Have you found the reason of this beahvior? The intuition is that the lower the confidence threshold, the higher the false positives, so the precision would be lower.. so it's a little confusing.

glenn-jocher commented 4 years ago

@simaiden the original problems referenced in this issue have been corrected. mAP is correctly reported now, along with P and R.

simaiden commented 4 years ago

@simaiden the original problems referenced in this issue have been corrected. mAP is correctly reported now, along with P and R.

But what about the lower map with high confidence threshold? This happen when I use the coco api, do you mean that with this repo didn't happen?

Thanks!

glenn-jocher commented 4 years ago

@simaiden I don't understand. mAP should be computed at 0.001 or 0.0001 confidence threshold. Everything is working correctly in this repo in regards to mAP computation.
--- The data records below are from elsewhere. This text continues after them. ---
definition real_qmm :: "('s \<Rightarrow> ('n::finite) cmat) \<Rightarrow> ('g::finite \<Rightarrow> 'n cmat) \<Rightarrow> bool" where
  "real_qmm U M \<longleftrightarrow> is_qmm U M \<and>
     (\<forall>\<sigma> i j. Im (U \<sigma> $ i $ j) = 0) \<and> (\<forall>\<gamma> i j. Im (M \<gamma> $ i $ j) = 0)"

definition density_op :: "('n::finite) cmat \<Rightarrow> bool" where
  "density_op \<rho> \<longleftrightarrow> cadj \<rho> = \<rho> \<and>
     (\<forall>x :: complex ^ 'n. 0 \<le> Re (\<Sum>i\<in>UNIV. cnj (x $ i) * (\<rho> *v x) $ i)) \<and>
     trace \<rho> = 1"

text \<open>U_a = U_{a[|a|]} ... U_{a[1]} (first letter applied first).\<close>
definition U_word :: "('s \<Rightarrow> ('n::finite) cmat) \<Rightarrow> 's list \<Rightarrow> 'n cmat" where
  "U_word U a = fold (\<lambda>\<sigma> acc. U \<sigma> ** acc) a (mat 1)"

text \<open>vop_aux U M a p S b: the operator for the part of the run after position p, where
  S lists the remaining measurement positions and b the corresponding outcomes.\<close>
fun vop_aux :: "('s \<Rightarrow> ('n::finite) cmat) \<Rightarrow> ('g \<Rightarrow> 'n cmat) \<Rightarrow> 's list \<Rightarrow> nat
                 \<Rightarrow> nat list \<Rightarrow> 'g list \<Rightarrow> 'n cmat" where
  "vop_aux U M a p (s # S) (g # b) =
     vop_aux U M a s S b ** M g ** U_word U (take (s - p) (drop p a))"
| "vop_aux U M a p _ _ = U_word U (drop p a)"

text \<open>V_{b|a,S} = U_{a_{|S|+1}} M_{b_|S|} U_{a_|S|} ... M_{b_1} U_{a_1}.\<close>
definition vop :: "('s \<Rightarrow> ('n::finite) cmat) \<Rightarrow> ('g \<Rightarrow> 'n cmat) \<Rightarrow> 's list \<Rightarrow> nat list
                 \<Rightarrow> 'g list \<Rightarrow> 'n cmat" where
  "vop U M a S b = vop_aux U M a 0 S b"

definition prob :: "('s \<Rightarrow> ('n::finite) cmat) \<Rightarrow> ('g \<Rightarrow> 'n cmat) \<Rightarrow> 'n cmat \<Rightarrow> 'g list
                 \<Rightarrow> 's list \<Rightarrow> nat list \<Rightarrow> complex" where
  "prob U M \<rho> b a S = trace (vop U M a S b ** \<rho> ** cadj (vop U M a S b))"

definition scheduler :: "'s list \<Rightarrow> nat list \<Rightarrow> bool" where
  "scheduler a S \<longleftrightarrow> sorted S \<and> (\<forall>s\<in>set S. s \<le> length a)"

definition equiv_on :: "('s \<Rightarrow> ('n::finite) cmat) \<Rightarrow> ('g \<Rightarrow> 'n cmat)
     \<Rightarrow> ('s list \<Rightarrow> nat list \<Rightarrow> bool) \<Rightarrow> 'n cmat \<Rightarrow> 'n cmat \<Rightarrow> bool" where
  "equiv_on U M P \<rho>s \<rho>t \<longleftrightarrow>
     (\<forall>a S b. scheduler a S \<longrightarrow> length b = length S \<longrightarrow> P a S \<longrightarrow>
        prob U M \<rho>s b a S = prob U M \<rho>t b a S)"

definition sim where "sim U M = equiv_on U M (\<lambda>a S. True)"
definition sim_k where "sim_k U M k = equiv_on U M (\<lambda>a S. length S \<le> k)"
definition sim_m where "sim_m U M m = equiv_on U M (\<lambda>a S. length a + length S \<le> m)"
definition sim_km where
  "sim_km U M k m = equiv_on U M (\<lambda>a S. length S \<le> k \<and> length a + length S \<le> m)"

end

theory Submission
  imports Defs
begin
simaiden commented 4 years ago

@simaiden I don't understand. mAP should be computed at 0.001 or 0.0001 confidence threshold. Everything is working correctly in this repo in regards to mAP computation.

Thanks for your reply.

Ok, this is the way to calculate the map, but do you have any clue why this? and why when I increase the confidence the map decrease? I'm not talking about this repo in particular but in general, sorry if my question is not about the repo itselfs.

glenn-jocher commented 4 years ago

@simaiden search online, we can't help you with this.